Several commands are already usable as building blocks for other tools:

  • nod list --json
  • nod header --json
  • nod print --json
  • nod print --raw
  • nod check --json

Examples:

./nod list --json --tag work
./nod header --json active-project inbox
./nod print --raw title active-project
./nod print --json tags active-project

check --json

nod check can run in two scopes:

  • nod check checks the whole vault
  • nod check SLUG checks one nod only
  • nod check --archived SLUG checks one archived nod only

Single-node check is intentionally local. It validates the targeted file and the coherence of its stored links, but it does not report vault-wide issues such as duplicate slug, duplicate id, or missing backlinks.

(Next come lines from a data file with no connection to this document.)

(* The number of $\mathbb{F}_q$-linear automorphisms of $\mathbb{F}_{q^m}$ that are fully linear over $\mathbb{F}_{q^m}$ is exactly $m(q^m-1)$.
   Context: $q$ is a prime power (the paper takes $q$ a power of $2$). An $\mathbb{F}_q$-linear automorphism of $\mathbb{F}_{q^m}$ is a bijective $\mathbb{F}_q$-linear map $\varphi:\mathbb{F}_{q^m}\to\mathbb{F}_{q^m}$, applied componentwise to vectors. For an $\mathbb{F}_{q^m}$-linear code $\mathcal{C}\subseteq\mathbb{F}_{q^m}^n$, $\varphi$ is linear on $\mathcal{C}$ if $\varphi(\mathcal{C})=\{\varphi(\bm{c}):\bm{c}\in\mathcal{C}\}$ is an $\mathbb{F}_{q^m}$-linear subspace. $\varphi$ is fully linear over $\mathbb{F}_{q^m}$ if it is linear on every $\mathbb{F}_{q^m}$-linear code of every length $n\ge1$. *)

theory Defs
  imports Main
begin

text \<open>A subfield K of the ambient field (playing the role of F_q inside F_{q^m}).\<close>
definition is_subfield :: "'a::field set \<Rightarrow> bool" where
  "is_subfield K \<longleftrightarrow> 0 \<in> K \<and> 1 \<in> K \<and>
     (\<forall>x\<in>K. \<forall>y\<in>K. x + y \<in> K \<and> x * y \<in> K) \<and>
     (\<forall>x\<in>K. - x \<in> K) \<and> (\<forall>x\<in>K. x \<noteq> 0 \<longrightarrow> inverse x \<in> K)"

definition lin_aut :: "'a::field set \<Rightarrow> ('a \<Rightarrow> 'a) \<Rightarrow> bool" where
  "lin_aut K phi \<longleftrightarrow> bij phi \<and>
     (\<forall>x y. phi (x + y) = phi x + phi y) \<and>
     (\<forall>c\<in>K. \<forall>x. phi (c * x) = c * phi x)"

definition lin_code :: "nat \<Rightarrow> 'a::field list set \<Rightarrow> bool" where
  "lin_code n C \<longleftrightarrow> C \<subseteq> {v. length v = n} \<and> replicate n 0 \<in> C \<and>
     (\<forall>u\<in>C. \<forall>v\<in>C. map2 (+) u v \<in> C) \<and>
     (\<forall>a. \<forall>u\<in>C. map ((*) a) u \<in> C)"

definition linear_on_code :: "nat \<Rightarrow> ('a::field \<Rightarrow> 'a) \<Rightarrow> 'a list set \<Rightarrow> bool" where
  "linear_on_code n phi C \<longleftrightarrow> lin_code n (map phi ` C)"

definition fully_linear :: "('a::field \<Rightarrow> 'a) \<Rightarrow> bool" where
  "fully_linear phi \<longleftrightarrow>
     (\<forall>n\<ge>1. \<forall>C. lin_code n C \<longrightarrow> linear_on_code n phi C)"

end

theory Submission
  imports Defs "HOL-Computational_Algebra.Polynomial" "HOL-Computational_Algebra.Primes"
    "HOL-Number_Theory.Cong" "HOL-Algebra.Multiplicative_Group"
begin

As elsewhere in nod, these diagnostics are advisory. They are meant to help users and tools understand the current state of the vault, not to promise that the graph is perfectly robust.

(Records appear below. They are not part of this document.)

lemma laurent_polyfun_eq_0_if_unit_circle:
  assumes "laurent_polyfun f" "\<And>w. cmod w = 1 \<Longrightarrow> f w = 0" "w \<noteq> 0"
  shows "f w = 0"
proof -
  obtain Q k where Q: "\<And>w. w \<noteq> 0 \<Longrightarrow> w^k * f w = poly Q w"
    using assms(1) unfolding laurent_polyfun_def by blast
  have Q_root: "poly Q w = 0" if "w \<in> sphere 0 1" for w
  proof -
    have "cmod w = 1" "w \<noteq> 0"
      using that by auto
    then show ?thesis
      using Q[of w] assms(2)[of w] by simp
  qed
  then have "sphere 0 1 \<subseteq> {w. poly Q w = 0}"
    by blast
  then have "infinite {w. poly Q w = 0}"
    using infinite_unit_circle finite_subset by blast
  then have "Q = 0"
    using poly_roots_finite by blast
  then show ?thesis
    using Q[OF assms(3)] assms(3) by simp
qed

section \<open>Asymptotics of Hermite forms along the positive real axis\<close>

definition hermite_form :: "(nat \<Rightarrow> nat \<Rightarrow> complex) \<Rightarrow> nat \<Rightarrow> complex \<Rightarrow> complex \<Rightarrow> complex" where
  "hermite_form B N u v = (\<Sum>n\<le>N. \<Sum>m\<le>N. B n m * complex_hermite n m u v)"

nod check --json returns a JSON report shaped like this:

{
  "issues": [
    {
      "code": "broken_link",
      "path": "/path/to/alpha.nod",
      "message": "broken link to missing id \"01ABC...\""
    }
  ]
}

The public API contract for check --json is:

  • The top-level shape is always {"issues":[...]}.
  • Success is reported as {"issues":[]}.
  • Each issue currently guarantees code, path, and message.
  • code values are stable lowercase ASCII snake_case identifiers.
  • path is an absolute filesystem path.
  • message is for humans and may be reworded over time.
  • Existing codes and field meanings are stable.
  • New codes and optional fields may be added later.
  • Consumers should ignore unknown future fields.
  • Issue ordering is stable: path, then code, then message.
  • Duplicate issues are removed using code + path + message.
  • JSON formatting is not part of the API contract.
  • The JSON schema is currently unversioned.

nod check --json still exits non-zero when issues are found:

  • 0: no issues
  • 1: check completed and found issues
  • 2: operational failure, so no trustworthy report was produced

The message is for humans. The code is the stable machine-facing handle for scripts and future tools.

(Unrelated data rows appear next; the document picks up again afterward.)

(* Let $q=1-p=o\!\left(\frac{1}{n^{1.5}}\right)$. Then for all sufficiently large $n\in\mathbb{N}$ we have $u_3(n,p)=u_3'(n,p)=4$.
   Context: $G(n,p)$ is the Erdős–Rényi random graph on $n$ labelled vertices (vertex set $V$), each edge present independently with probability $p=p(n)$; $\mathbb{P}_{n,p}$ is the corresponding probability and $q=1-p$. A diameter graph in $\mathbb{R}^d$ is a graph $(V,E)$ with $V\subset\mathbb{R}^d$ finite and $E=\{\{\mathbf{x},\mathbf{y}\}\subseteq V: |\mathbf{x}-\mathbf{y}|=\operatorname{diam}V\}$, where $\operatorname{diam}V=\max_{\mathbf{x},\mathbf{y}\in V}|\mathbf{x}-\mathbf{y}|$ (Euclidean norm); a graph is a diameter graph in $\mathbb{R}^d$ if it is isomorphic to one. $u_d(n,p)$ is the largest positive integer $k$ such that $\mathbb{P}_{n,p}\big(\exists W\subseteq V,\ |W|=k,\ G[W]$ is a diameter graph in $\mathbb{R}^d$ and $\chi(G[W])=d+1\big)>\frac12$, where $G[W]$ is the induced subgraph; if no such $k$ exists, $u_d(n,p)=0$. $u_d'(n,p)$ is defined identically with the additional requirement that $G[W]$ be connected. *)

theory Defs
  imports "HOL-Analysis.Analysis" "HOL-Library.Landau_Symbols"
begin

text \<open>Graphs on the vertex set V = {0..<n}: an edge set is a set of 2-element subsets.\<close>

definition all_edges :: "nat \<Rightarrow> nat set set" where
  "all_edges n = {e. \<exists>x y. x \<noteq> y \<and> x < n \<and> y < n \<and> e = {x, y}}"

definition prob_Gnp :: "nat \<Rightarrow> real \<Rightarrow> (nat set set \<Rightarrow> bool) \<Rightarrow> real" where
  "prob_Gnp n p Q =
     (\<Sum>E\<in>Pow (all_edges n).
        if Q E then p ^ card E * (1 - p) ^ (card (all_edges n) - card E) else 0)"

text \<open>The induced subgraph G[W] (vertex set W, edge set = edges of E inside W)
  is a diameter graph in the Euclidean space 'a: it is isomorphic to the diameter
  graph of some finite point set, i.e. there is an injective placement f of W
  such that two distinct vertices are adjacent iff their images are at distance
  diam (f ` W).\<close>
definition is_diameter_graph ::
    "('a::euclidean_space) itself \<Rightarrow> nat set \<Rightarrow> nat set set \<Rightarrow> bool" where
  "is_diameter_graph T W E \<longleftrightarrow>
     (\<exists>f :: nat \<Rightarrow> 'a. inj_on f W \<and>
        (\<forall>x\<in>W. \<forall>y\<in>W. x \<noteq> y \<longrightarrow>
            ({x, y} \<in> E \<longleftrightarrow> dist (f x) (f y) = diameter (f ` W))))"

definition chromatic_number :: "nat set \<Rightarrow> nat set set \<Rightarrow> nat" where
  "chromatic_number W E =
     (LEAST k. \<exists>c :: nat \<Rightarrow> nat. (\<forall>x\<in>W. c x < k) \<and>
        (\<forall>x\<in>W. \<forall>y\<in>W. x \<noteq> y \<and> {x, y} \<in> E \<longrightarrow> c x \<noteq> c y))"

definition connected_induced :: "nat set \<Rightarrow> nat set set \<Rightarrow> bool" where
  "connected_induced W E \<longleftrightarrow>
     (\<forall>x\<in>W. \<forall>y\<in>W.
        (x, y) \<in> ({(a, b). a \<in> W \<and> b \<in> W \<and> a \<noteq> b \<and> {a, b} \<in> E})\<^sup>*)"

definition diam_event ::
    "('a::euclidean_space) itself \<Rightarrow> bool \<Rightarrow> nat \<Rightarrow> nat \<Rightarrow> nat set set \<Rightarrow> bool" where
  "diam_event T conn n k E \<longleftrightarrow>
     (\<exists>W. W \<subseteq> {0..<n} \<and> card W = k \<and> is_diameter_graph T W E \<and>
          chromatic_number W E = DIM('a) + 1 \<and> (conn \<longrightarrow> connected_induced W E))"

Current diagnostic codes include:

  • missing_archive_dir
  • invalid_front_matter
  • missing_required_field
  • invalid_slug
  • filename_slug_mismatch
  • duplicate_id
  • duplicate_slug
  • duplicate_link
  • self_link
  • broken_link
  • link_to_archived
  • missing_backlink

Additional rules that are part of the current API:

  • missing_required_field is shared across all missing reserved fields.
  • invalid_slug is distinct from missing_required_field.
  • invalid_front_matter covers front matter parse failures, including malformed delimiters and YAML parse errors.
  • missing_archive_dir covers both a missing archive directory and a malformed non-directory archive path.
  • duplicate_id and duplicate_slug are checked across the whole vault, including archived nods.
  • For duplicate id and slug conflicts, the issue is reported on the later conflicting file, and the earlier conflicting path only appears in message.
  • Archived nods are still checked as documents for parse, validation, filename, and uniqueness problems.
  • Archived nods are outside the active graph for backlink consistency.
  • Consumers should not parse path to infer metadata such as whether a nod is archived.

Development

Common commands:

gofmt -w main.go main_test.go internal/nod/*.go
go test ./...

More Detail

See SPEC.md for the current v0 mini-spec.